Liverpool manager Jürgen Klopp hopes authorities will allow them to play at home as planned, with supporters adhering to advice while they are prevented from attending games due to COVID-19 restrictions.
Police originally wanted neutral venues for all 92 remaining games but the plan was opposed by the clubs — particularly those trying to avoid relegation.
The league plans to resume on June 17 after a 100-day shutdown to contain the coronavirus pandemic, pending final approval from government, which is trying to prevent a second spike in cases.
Police don’t object to the games on that Wednesday night being played at Manchester City and Aston Villa.
But police want the derby between Everton and Liverpool to be played away from Merseyside a few days later. The game was originally scheduled at Goodison Park. Liverpool, which leads by 25 points with nine games remaining, could clinch the title by beating Everton if second-placed City loses to Arsenal on June 17.
If the 30-year title drought doesn’t end that day, police want Liverpool’s next game, against Crystal Palace, to be played away from Anfield.
Greater Manchester Police have already determined Liverpool’s third game back against Manchester City should be staged away from Etihad Stadium.
Liverpool’s fourth game back is against Aston Villa, currently scheduled at Anfield.
The same Manchester force wants City’s game against Newcastle and Manchester United’s home game against Sheffield United played outside of the northwest location.
Police in Newcastle also don’t want the home game against Liverpool to be played at St.

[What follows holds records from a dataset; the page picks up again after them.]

lemma f_iterates_antimono: "m \<le> n \<Longrightarrow> f (x n) \<le> f (x m)"
proof -
  have "decseq (\<lambda>t. f (x t))"
    unfolding decseq_Suc_iff using x_step by simp
  then show "m \<le> n \<Longrightarrow> f (x n) \<le> f (x m)"
    by (simp add: decseq_def)
qed

lemma gam_mult_le_inner: "gam t * (Lk t * (norm (d t))\<^sup>2) \<le> g (x t) \<bullet> d t"
proof (cases "d t = 0")
  case False
  then have "0 < Lk t * (norm (d t))\<^sup>2"
    using Lk_pos by simp
  moreover have "ereal (gam t) \<le> ereal (g (x t) \<bullet> d t / (Lk t * (norm (d t))\<^sup>2))"
    unfolding gam_def by simp
  ultimately show ?thesis
    by (simp add: le_divide_eq)
qed simp

lemma step_decrease_on_I:
  assumes "t \<in> I_eta"
  shows "f (xb t) \<le> f (x t) - (1 - \<eta> / 2) * (gam t * (g (x t) \<bullet> d t))"
proof -
  have "ell f g (x t) (xb t) \<le> Lk (Suc t)"
    using L_step[of t] by simp
  then have "f (xb t) \<le> f (x t) + g (x t) \<bullet> (xb t - x t) + Lk (Suc t) / 2 * (norm (xb t - x t))\<^sup>2"
    by (rule upper_bound_of_ell_le)
  also have "\<dots> = f (x t) - gam t * (g (x t) \<bullet> d t) + Lk (Suc t) / 2 * (gam t)\<^sup>2 * (norm (d t))\<^sup>2"
    by (simp add: xb_def power_mult_distrib)
  also have "\<dots> \<le> f (x t) - gam t * (g (x t) \<bullet> d t) + \<eta> * Lk t / 2 * (gam t)\<^sup>2 * (norm (d t))\<^sup>2"
    using assms by (intro add_left_mono mult_right_mono divide_right_mono) auto
  also have "\<dots> \<le> f (x t) - (1 - \<eta> / 2) * (gam t * (g (x t) \<bullet> d t))"
    using quadratic_model_decrease[where \<gamma> = "gam t" and \<eta> = \<eta> and L = "Lk t"
        and n = "(norm (d t))\<^sup>2" and a = "g (x t) \<bullet> d t"] gam_nonneg gam_mult_le_inner eta
    by (simp add: algebra_simps)
  finally show ?thesis .
qed

lemma gam_on_G:
  assumes "t \<in> G"
  shows "gam t = g (x t) \<bullet> d t / (Lk t * (norm (d t))\<^sup>2) \<or> 1 \<le> gam t"
proof (cases "ereal (gam t) < gmax t")
  case True
  then show ?thesis
    using gam_def[of t] by (auto simp: min_def split: if_splits)
next
  case False
  then have "gmax t = ereal (gam t)"
    using gam_def[of t] by (simp add: min_def split: if_splits)
  then show ?thesis
    using False assms by simp
qed

lemma gam_inner_ge_if_unclamped:
  assumes "gam t = g (x t) \<bullet> d t / (Lk t * (norm (d t))\<^sup>2)"
  shows "((f (x t) - f xs) / R)\<^sup>2 / (L * (diameter A)\<^sup>2) \<le> gam t * (g (x t) \<bullet> d t)"
proof (cases "d t = 0")
  case True
  then have "(f (x t) - f xs) / R \<le> 0"
    using S_iii(2)[of t] by simp
  then have "f (x t) - f xs \<le> 0"
    using S_iii(1) by (simp add: divide_le_0_iff)
  with gap_nonneg[of t] True show ?thesis by simp
next
  case False
  have "0 \<le> (f (x t) - f xs) / R"
    using gap_nonneg S_iii(1) by simp
  then have "((f (x t) - f xs) / R)\<^sup>2 \<le> (g (x t) \<bullet> d t)\<^sup>2"
    using S_iii(2) by (intro power_mono) auto
  moreover have "(norm (d t))\<^sup>2 \<le> (diameter A)\<^sup>2"
    using S_i by (intro power_mono) auto
  then have "Lk t * (norm (d t))\<^sup>2 \<le> L * (diameter A)\<^sup>2"
    using Lk_le_L Lk_pos L_nonneg by (intro mult_mono) (auto simp: less_imp_le)
  moreover have "0 < Lk t * (norm (d t))\<^sup>2"
    using Lk_pos False by simp
  ultimately have "((f (x t) - f xs) / R)\<^sup>2 / (L * (diameter A)\<^sup>2)
      \<le> (g (x t) \<bullet> d t)\<^sup>2 / (Lk t * (norm (d t))\<^sup>2)"
    by (intro frac_le) auto
  then show ?thesis
    using assms by (simp add: power2_eq_square)
qed

lemma gam_inner_ge_if_gam_ge_one:
  assumes "1 \<le> gam t"
  shows "(f (x t) - f xs) / R \<le> gam t * (g (x t) \<bullet> d t)"
  using S_iii(2)[of t] mult_right_mono[OF assms inner_grad_dir_nonneg[of t]] by simp

lemma progress_on_G_I:
  assumes "t \<in> G \<inter> I_eta"
  shows "f (x (Suc t)) - f xs \<le> (1 - (2 - \<eta>) / (2 * R)) * (f (x t) - f xs)
    \<or> f (x (Suc t)) - f xs
      \<le> (f (x t) - f xs) - (f (x t) - f xs)\<^sup>2 / (2 * L * R\<^sup>2 * (diameter A)\<^sup>2 / (2 - \<eta>))"
proof -
  have decrease: "f (x (Suc t)) - f xs \<le> f (x t) - f xs - (1 - \<eta> / 2) * (gam t * (g (x t) \<bullet> d t))"
    using step_decrease_on_I[of t] f_next_le_xb[of t] assms by simp
  have "1 - \<eta> / 2 > 0"
    using eta by simp
  have "gam t = g (x t) \<bullet> d t / (Lk t * (norm (d t))\<^sup>2) \<or> 1 \<le> gam t"
    using gam_on_G assms by blast
  then show ?thesis
  proof
    assume "gam t = g (x t) \<bullet> d t / (Lk t * (norm (d t))\<^sup>2)"
    from mult_left_mono[OF gam_inner_ge_if_unclamped[OF this], of "1 - \<eta> / 2"] decrease \<open>1 - \<eta> / 2 > 0\<close>
    have "f (x (Suc t)) - f xs
        \<le> (f (x t) - f xs) - (1 - \<eta> / 2) * (((f (x t) - f xs) / R)\<^sup>2 / (L * (diameter A)\<^sup>2))"
      by simp
    then show ?thesis
      using eta by (simp add: field_simps power_divide)
  next
    assume "1 \<le> gam t"
    from mult_left_mono[OF gam_inner_ge_if_gam_ge_one[OF this], of "1 - \<eta> / 2"] decrease \<open>1 - \<eta> / 2 > 0\<close>
    have "f (x (Suc t)) - f xs \<le> (f (x t) - f xs) - (1 - \<eta> / 2) * ((f (x t) - f xs) / R)"
      by simp
    then show ?thesis
      by (simp add: field_simps)
  qed
qed

lemma infinite_G_I: "infinite (G \<inter> I_eta)"
proof -
  obtain p where "0 < p" "(\<lambda>T. \<Prod>t<T. r t) \<longlonglongrightarrow> p"
    using D_prod by blast
  then have "finite {t. \<eta> * Lk t < Lk (Suc t)}"
    using finite_growth_steps_of_bounded_damped[of Lk \<eta> r p L] L0_pos eta(1) D_r L_step Lk_le_L
    by (simp add: less_imp_le)
  moreover have "G \<inter> I_eta = G - {t. \<eta> * Lk t < Lk (Suc t)}"
    by auto
  ultimately show ?thesis
    using Diff_infinite_finite S_ii by auto
qed

lemma rate_on_G_I:
  "f (x (enumerate (G \<inter> I_eta) k)) - f xs
    \<le> max ((2 * R / (2 - \<eta>) - 1) * (f (x 0) - f xs)) (2 * L * R\<^sup>2 * (diameter A)\<^sup>2 / (2 - \<eta>))
      / (real k + 2 * R / (2 - \<eta>) - 1)"
proof -
  define h where "h = enumerate (G \<inter> I_eta)"
  define a where "a = 2 * R / (2 - \<eta>) - 1"
  define M where "M = 2 * L * R\<^sup>2 * (diameter A)\<^sup>2 / (2 - \<eta>)"
  define C where "C = max (a * (f (x 0) - f xs)) M"
  have "1 < a"
    using eta S_iii(1) by (simp add: a_def field_simps)
  have "0 < M"
    using L_pos diameter_pos S_iii(1) eta by (simp add: M_def)
  have "(f (x (h 0)) - f xs) * a \<le> (f (x 0) - f xs) * a"
    using f_iterates_antimono[of 0 "h 0"] \<open>1 < a\<close> by (intro mult_right_mono) auto
  then have init: "(f (x (h 0)) - f xs) * a \<le> C"
    unfolding C_def by (simp add: mult.commute le_max_iff_disj)
  have "0 \<le> (2 - \<eta>) / (2 * R)" "1 \<le> (2 - \<eta>) / (2 * R) * (a + 1)"
    using eta S_iii(1) by (simp_all add: a_def)
  moreover have "M \<le> C"
    by (simp add: C_def)
  moreover have progress: "f (x (h (Suc j))) - f xs \<le> (1 - (2 - \<eta>) / (2 * R)) * (f (x (h j)) - f xs)
      \<or> f (x (h (Suc j))) - f xs \<le> f (x (h j)) - f xs - (f (x (h j)) - f xs)\<^sup>2 / M" for j
  proof -
    have "h j \<in> G \<inter> I_eta" "Suc (h j) \<le> h (Suc j)"
      using enumerate_in_set[OF infinite_G_I] enumerate_mono[OF _ infinite_G_I, of j "Suc j"]
      by (auto simp: h_def)
    moreover from this(2) have "f (x (h (Suc j))) - f xs \<le> f (x (Suc (h j))) - f xs"
      using f_iterates_antimono by simp
    ultimately show ?thesis
      using progress_on_G_I unfolding M_def by (meson order_trans)
  qed
  ultimately have "(f (x (h k)) - f xs) * (real k + a) \<le> C"
    using sublinear_rate[where \<Delta> = "\<lambda>k. f (x (h k)) - f xs", OF gap_nonneg _ _ _ \<open>0 < M\<close> _ init]
      \<open>1 < a\<close> by simp
  then have "f (x (h k)) - f xs \<le> C / (real k + a)"
    using \<open>1 < a\<close> by (simp add: le_divide_eq)
  then show ?thesis
    by (simp add: a_def C_def M_def h_def add_diff_eq)
qed

end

James’ Park on the final day of the season, which could be July 26.
Mark Roberts, the head of football policing in England, said the plans will remain under review but are based on public health demands.

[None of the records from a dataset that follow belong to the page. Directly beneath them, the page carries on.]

(* Let $X$ be a connected, finite, simple $3$-valent (resp. $4$-valent) graph equipped with an orientation at each vertex, and for $k\geq 1$ let $X_k=\mathrm{GC}_{k,0}(X)$ be its Goldberg–Coxeter construction with parameters $(k,0)$, with $N_k=|V(X_k)|$ and Laplacian eigenvalues $\lambda_1(X_k)\leq\cdots\leq\lambda_{N_k}(X_k)$. Then for any sequence of positive integers $(m_k)_{k\geq1}$ with $m_k/k^2\to 0$ as $k\to\infty$, the first $m_k$ eigenvalues of $\Delta_{X_k}$ tend to $0$, i.e. $\lambda_{m_k}(X_k)\to 0$, and the last $m_k$ eigenvalues tend to $6$ (resp. $8$), i.e. $\lambda_{N_k-m_k+1}(X_k)\to 6$ in the $3$-valent case (resp. $\to 8$ in the $4$-valent case), as $k\to\infty$.
   Context: Graphs are connected, finite and simple. For a graph $Y$ the (combinatorial) Laplacian acts on $f\in\mathbb{C}^{V(Y)}$ by $(\Delta_Y f)(p)=\deg(p)f(p)-\sum_{q\sim p}f(q)$; its eigenvalues are listed with multiplicity in nondecreasing order. An orientation at each vertex of a $3$- or $4$-valent graph is a cyclic ordering of the edges emanating from each vertex. Goldberg–Coxeter construction ($3$-valent case): let $\omega=e^{\pi i/3}$, so $\mathbb{Z}[\omega]\subset\mathbb{C}$ is the triangular lattice, whose unit triangles are the upward triangles with vertices $a+b\omega,\ a+1+b\omega,\ a+(b+1)\omega$ and the downward triangles with vertices $a+b\omega,\ a+(b+1)\omega,\ a-1+(b+1)\omega$ ($a,b\in\mathbb{Z}$). For $(k,l)\in\mathbb{Z}^2\setminus\{(0,0)\}$ put $z=k+l\omega$ and let $T$ be the triangle with vertices $0,z,\omega z$. For each $p\in V(X)$ take a copy $\overline{\triangle}(p)$ of the graph whose vertices are the barycenters of the unit lattice triangles meeting the interior of $T$, two barycenters being adjacent when the triangles share an edge; the three sides of $T$ are matched with the three edges at $p$ so that the given cyclic order at $p$ agrees with the counterclockwise order of the sides. For each edge $e=pq$ of $X$, place $\overline{\triangle}(p)$ on $T$ with $e$ corresponding to the side from $z$ to $\omega z$, and place $\overline{\triangle}(q)$ (preserving orientation) on the triangle with vertices $z,(1+\omega)z,\omega z$ with $e$ corresponding to the side from $\omega z$ to $z$; then identify all overlapping vertices and edges. The resulting $3$-valent graph is $\mathrm{GC}_{k,l}(X)$. ($4$-valent case): the same with $\mathbb{Z}[i]$ (square lattice with unit squares), $z=k+li$, the square $S$ with vertices $0,z,(1+i)z,iz$ in place of $T$, barycenters of unit squares meeting the interior of $S$, and for an edge $pq$ the piece of $q$ placed on the adjacent square across the side from $z$ to $(1+i)z$; the result is a $4$-valent graph $\mathrm{GC}_{k,l}(X)$. In particular $\mathrm{GC}_{k,0}(X)$ has $k^2|V(X)|$ vertices. *)

theory Defs
  imports "Jordan_Normal_Form.Char_Poly" "HOL-Library.Product_Lexorder"
begin

definition simple_graph :: "'a set \<Rightarrow> ('a \<Rightarrow> 'a \<Rightarrow> bool) \<Rightarrow> bool" where
  "simple_graph V E \<longleftrightarrow> finite V \<and> (\<forall>x y. E x y \<longrightarrow> x \<in> V \<and> y \<in> V)
     \<and> (\<forall>x y. E x y \<longrightarrow> E y x) \<and> (\<forall>x. \<not> E x x)"

definition connected_graph :: "'a set \<Rightarrow> ('a \<Rightarrow> 'a \<Rightarrow> bool) \<Rightarrow> bool" where
  "connected_graph V E \<longleftrightarrow> V \<noteq> {} \<and> (\<forall>x\<in>V. \<forall>y\<in>V. E\<^sup>*\<^sup>* x y)"

text \<open>A d-valent graph with an orientation at each vertex: rot p 0, ..., rot p (d-1)
lists the neighbours of p (each exactly once) in the given cyclic order
(a representative of the cyclic ordering).\<close>
definition oriented_regular :: "nat \<Rightarrow> 'a set \<Rightarrow> ('a \<Rightarrow> 'a \<Rightarrow> bool) \<Rightarrow> ('a \<Rightarrow> nat \<Rightarrow> 'a) \<Rightarrow> bool" where
  "oriented_regular d V E rot \<longleftrightarrow> simple_graph V E \<and> connected_graph V E
     \<and> (\<forall>p\<in>V. bij_betw (rot p) {..<d} {q. E p q})"

text \<open>Generic gluing: each vertex p of X gets a copy of a piece (cells with inner
adjacency cadj); side s (s < d, sides numbered counterclockwise) of the piece of p
corresponds to the edge from p to rot p s.  bnd s i is the cell of the piece lying
along side s at position i (i < k, counted counterclockwise along the side).
Gluing the piece of q to that of p along the common edge, orientation preserving,
reverses the position along the shared side.\<close>
definition gc_adj ::
  "nat \<Rightarrow> nat \<Rightarrow> 'a set \<Rightarrow> ('a \<Rightarrow> nat \<Rightarrow> 'a) \<Rightarrow> 'c set \<Rightarrow> ('c \<Rightarrow> 'c \<Rightarrow> bool)
     \<Rightarrow> (nat \<Rightarrow> nat \<Rightarrow> 'c) \<Rightarrow> ('a \<times> 'c) \<Rightarrow> ('a \<times> 'c) \<Rightarrow> bool" where
  "gc_adj d k V rot cells cadj bnd x y \<longleftrightarrow>
     fst x \<in> V \<and> fst y \<in> V \<and> snd x \<in> cells \<and> snd y \<in> cells \<and>
     ((fst x = fst y \<and> cadj (snd x) (snd y)) \<or>
      (\<exists>s<d. \<exists>s'<d. \<exists>i<k. rot (fst x) s = fst y \<and> rot (fst y) s' = fst x \<and>
          snd x = bnd s i \<and> snd y = bnd s' (k - 1 - i)))"

text \<open>Lattice point a + b*omega is encoded as (a,b).  The cell (a,b,True) is the upward
unit triangle with vertices a+b\<omega>, a+1+b\<omega>, a+(b+1)\<omega>; the cell (a,b,False)
is the downward triangle with vertices a+b\<omega>, a+(b+1)\<omega>, a-1+(b+1)\<omega>.\<close>
fun tri_verts :: "int \<times> int \<times> bool \<Rightarrow> (int \<times> int) set" where
  "tri_verts (a, b, True) = {(a, b), (a + 1, b), (a, b + 1)}"
| "tri_verts (a, b, False) = {(a, b), (a, b + 1), (a - 1, b + 1)}"

text \<open>Closed triangle T with vertices 0, k, k\<omega>.  For l = 0 the unit triangles
meeting the interior of T are exactly those contained in T.\<close>
definition tri_T :: "nat \<Rightarrow> (int \<times> int) set" where
  "tri_T k = {(x, y). 0 \<le> x \<and> 0 \<le> y \<and> x + y \<le> int k}"

definition tri_cells :: "nat \<Rightarrow> (int \<times> int \<times> bool) set" where
  "tri_cells k = {t. tri_verts t \<subseteq> tri_T k}"

definition tri_adj :: "int \<times> int \<times> bool \<Rightarrow> int \<times> int \<times> bool \<Rightarrow> bool" where
  "tri_adj t t' \<longleftrightarrow> t \<noteq> t' \<and> card (tri_verts t \<inter> tri_verts t') = 2"

text \<open>Boundary cells: side 0 is from 0 to k, side 1 from k to k\<omega>, side 2 from k\<omega> to 0.\<close>
definition tri_bnd :: "nat \<Rightarrow> nat \<Rightarrow> nat \<Rightarrow> int \<times> int \<times> bool" where
  "tri_bnd k s i =
     (if s = 0 then (int i, 0, True)
      else if s = 1 then (int k - 1 - int i, int i, True)
      else (0, int k - 1 - int i, True))"

definition GC3_vertices :: "nat \<Rightarrow> 'a set \<Rightarrow> ('a \<times> (int \<times> int \<times> bool)) set" where
  "GC3_vertices k V = V \<times> tri_cells k"

definition GC3_adj :: "nat \<Rightarrow> 'a set \<Rightarrow> ('a \<Rightarrow> nat \<Rightarrow> 'a)
    \<Rightarrow> ('a \<times> (int \<times> int \<times> bool)) \<Rightarrow> ('a \<times> (int \<times> int \<times> bool)) \<Rightarrow> bool" where
  "GC3_adj k V rot = gc_adj 3 k V rot (tri_cells k) tri_adj (tri_bnd k)"

text \<open>Cell (a,b) is the unit square with lower left corner a + b i.\<close>
definition sq_cells :: "nat \<Rightarrow> (int \<times> int) set" where
  "sq_cells k = {(a, b). 0 \<le> a \<and> a < int k \<and> 0 \<le> b \<and> b < int k}"

definition sq_adj :: "int \<times> int \<Rightarrow> int \<times> int \<Rightarrow> bool" where
  "sq_adj c c' \<longleftrightarrow> \<bar>fst c - fst c'\<bar> + \<bar>snd c - snd c'\<bar> = 1"

text \<open>Sides: 0 from 0 to k, 1 from k to (1+i)k, 2 from (1+i)k to ik, 3 from ik to 0.\<close>
definition sq_bnd :: "nat \<Rightarrow> nat \<Rightarrow> nat \<Rightarrow> int \<times> int" where
  "sq_bnd k s i =
     (if s = 0 then (int i, 0)
      else if s = 1 then (int k - 1, int i)
      else if s = 2 then (int k - 1 - int i, int k - 1)
      else (0, int k - 1 - int i))"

“We have reached a consensus that balances the needs of football, while also minimizing the demand on policing,” said Roberts, the football policing lead at the National Police Chiefs’ Council. “The views and agreement of forces which host Premier League clubs have been sought and where there were concerns, the Premier League has been supportive in providing flexibility in arranging alternative venues where requested.”
One obvious neutral venue is Wembley Stadium in north London which is not the home of any club side.

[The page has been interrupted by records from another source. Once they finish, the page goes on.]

lemma picard_step_bcontfun:
  assumes G: "continuous_on UNIV G" and y: "continuous_on UNIV y" and h: "0 \<le> h"
  shows "picard_step G t0 h p y \<in> bcontfun"
proof -
  define V where "V u = p + integral {t0..u} (\<lambda>s. G (y s))" for u
  have "continuous_on {t0..t0 + h} (\<lambda>u. integral {t0..u} (\<lambda>s. G (y s)))"
    using G y by (intro indefinite_integral_continuous_1 integrable_continuous_interval
        continuous_on_compose2[OF G]) (auto intro: continuous_on_subset)
  then have V: "continuous_on {t0..t0 + h} V" unfolding V_def by (intro continuous_intros)
  have range: "max t0 (min (t0 + h) t) \<in> {t0..t0 + h}" for t using h by auto
  have "continuous_on UNIV (picard_step G t0 h p y)"
    unfolding picard_step_def V_def[symmetric]
    by (rule continuous_on_compose2[OF V]) (use range in \<open>auto intro!: continuous_intros\<close>)
  moreover have "bounded (V ` {t0..t0 + h})"
    by (intro compact_imp_bounded compact_continuous_image V) simp
  then have "bounded (range (picard_step G t0 h p y))"
    by (rule bounded_subset) (use range in \<open>auto simp: picard_step_def V_def[symmetric]\<close>)
  ultimately show ?thesis by (simp add: bcontfun_def)
qed

lemma dist_picard_step_le:
  fixes f g :: "real \<Rightarrow>\<^sub>C 'a::banach"
  assumes lip: "L-lipschitz_on UNIV G" and h: "0 \<le> h"
  shows "dist (picard_step G t0 h p f t) (picard_step G t0 h p g t) \<le> L * h * dist f g"
proof -
  define c where "c = max t0 (min (t0 + h) t)"
  have G: "continuous_on UNIV G"
    using lipschitz_on_continuous_on[OF lip] .
  let ?F = "\<lambda>s. G (apply_bcontfun f s)" and ?G = "\<lambda>s. G (apply_bcontfun g s)"
  have int: "?F integrable_on {t0..c}" "?G integrable_on {t0..c}"
    by (auto intro!: integrable_continuous_interval continuous_on_compose2[OF G])
  have pointwise: "norm (?F s - ?G s) \<le> L * dist f g" for s
  proof -
    have "norm (?F s - ?G s) \<le> L * dist (apply_bcontfun f s) (apply_bcontfun g s)"
      using lipschitz_onD[OF lip] by (simp add: dist_norm)
    also have "\<dots> \<le> L * dist f g"
      by (intro mult_left_mono dist_bounded lipschitz_on_nonneg[OF lip])
    finally show ?thesis .
  qed
  have "dist (picard_step G t0 h p f t) (picard_step G t0 h p g t) =
      norm (integral {t0..c} (\<lambda>s. ?F s - ?G s))"
    using integral_diff[OF int] by (simp add: picard_step_def c_def dist_norm)
  also have "\<dots> \<le> L * dist f g * Henstock_Kurzweil_Integration.content (cbox t0 c)"
    using int pointwise lipschitz_on_nonneg[OF lip]
    by (intro has_integral_bound[of _ "\<lambda>s. ?F s - ?G s"])
      (auto intro!: integrable_diff integrable_integral simp: cbox_interval)
  also have "\<dots> \<le> L * dist f g * h"
    using h lipschitz_on_nonneg[OF lip] by (intro mult_left_mono) (auto simp: c_def)
  finally show ?thesis by (simp add: mult_ac)
qed

lemma lipschitz_local_solution:
  fixes G :: "'a::banach \<Rightarrow> 'a"
  assumes L: "0 < L" and lip: "L-lipschitz_on UNIV G"
  shows "\<exists>y. y t0 = p \<and> solves_on G y {t0..t0 + 1 / (2 * L)}"
proof -
  define h where "h = 1 / (2 * L)"
  have h: "0 < h" "L * h = 1 / 2" using L by (auto simp: h_def)
  have G: "continuous_on UNIV G" using lipschitz_on_continuous_on[OF lip] .
  define \<Phi> where "\<Phi> f = Bcontfun (picard_step G t0 h p (apply_bcontfun f))" for f :: "real \<Rightarrow>\<^sub>C 'a"
  have \<Phi>_apply: "apply_bcontfun (\<Phi> f) = picard_step G t0 h p (apply_bcontfun f)" for f
    unfolding \<Phi>_def using picard_step_bcontfun[OF G _ less_imp_le[OF h(1)]]
    by (simp add: Bcontfun_inverse)
  have "dist (\<Phi> f) (\<Phi> g) \<le> 1 / 2 * dist f g" for f g
    using dist_picard_step_le[OF lip less_imp_le[OF h(1)]] h(2) by (intro dist_bound) (simp add: \<Phi>_apply)
  then have "\<exists>!f. \<Phi> f = f"
    by (intro banach_fix_type[of "1/2"]) simp_all
  then obtain f where "\<Phi> f = f" by blast
  then have fixed: "picard_step G t0 h p (apply_bcontfun f) = apply_bcontfun f" by (metis \<Phi>_apply)
  have "apply_bcontfun f t0 = p"
    using fun_cong[OF fixed, of t0] h by (simp add: picard_step_def)
  moreover have "solves_on G (apply_bcontfun f) {t0..t0 + h}"
  proof (rule integral_equation_solves[OF G])
    show "apply_bcontfun f t = p + integral {t0..t} (\<lambda>s. G (apply_bcontfun f s))"
      if "t \<in> {t0..t0 + h}" for t
      using fun_cong[OF fixed, of t] that by (simp add: picard_step_def)
  qed (auto intro: continuous_on_subset)
  ultimately show ?thesis unfolding h_def by blast
qed

lemma solves_on_concat:
  assumes y: "solves_on G y {a..b}" and z: "solves_on G z {b..c}" and "y b = z b" "a \<le> b" "b \<le> c"
  shows "solves_on G (\<lambda>t. if t \<in> {a..b} then y t else z t) {a..c}"
  unfolding solves_on_def
proof
  fix t assume t: "t \<in> {a..c}"
  have "((\<lambda>t. if t \<in> {a..b} then y t else z t) has_vector_derivative
      (if t \<in> {a..b} then G (y t) else G (z t))) (at t within {a..c})"
  proof (rule has_vector_derivative_If_within_closures)
    show "t \<in> {a..b} \<union> {b..c}" "{a..c} = {a..b} \<union> {b..c}" using t assms by auto
    show "(y has_vector_derivative G (y t)) (at t within {a..b} \<union> (closure {a..b} \<inter> closure {b..c}))"
      if "t \<in> {a..b} \<union> (closure {a..b} \<inter> closure {b..c})"
      using y that assms unfolding solves_on_def by (auto simp: insert_absorb)
    show "(z has_vector_derivative G (z t)) (at t within {b..c} \<union> (closure {a..b} \<inter> closure {b..c}))"
      if "t \<in> {b..c} \<union> (closure {a..b} \<inter> closure {b..c})"
      using z that assms unfolding solves_on_def by (auto simp: insert_absorb)
  qed (use assms in auto)
  then show "((\<lambda>t. if t \<in> {a..b} then y t else z t) has_vector_derivative
      G (if t \<in> {a..b} then y t else z t)) (at t within {a..c})"
    by (simp add: if_distrib[of G])
qed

“This plan will be kept continually under review to ensure public health and safety and a key part of this is for supporters to continue to respect the social distancing guidelines, and not to attend or gather outside the stadiums,” Roberts said.
Even without a vaccine for COVID-19, fans could return to games next season, which is due to begin in September.
“There is optimism at the Premier League and at clubs that we will see fans back in the stadiums next season,” Premier League chief executive Richard Masters told Sky Sports TV, “and it may happen on a phased basis.”
Only 200 of the 380 Premier League games each season are contracted to be broadcast live in Britain, but all remaining fixtures will be aired live because fans will not be allowed in stadiums.
The reshaped English season is set to end with the FA Cup final on Aug. 1.
The Football Association on Friday announced its competition will provisionally resume with the quarterfinals on the weekend of June 27-28. The semifinals are now scheduled for July 18-19.
“This has been a difficult period for many people and, while this is a positive step, the restart date is dependent on all safety measures being met,” FA chief executive Mark Bullingham said.
Though the COVID-19 deaths per day have fallen in Britain since early April, another 377 were still reported on Thursday, bringing the known death toll in all settings including hospitals and care homes to 37,837.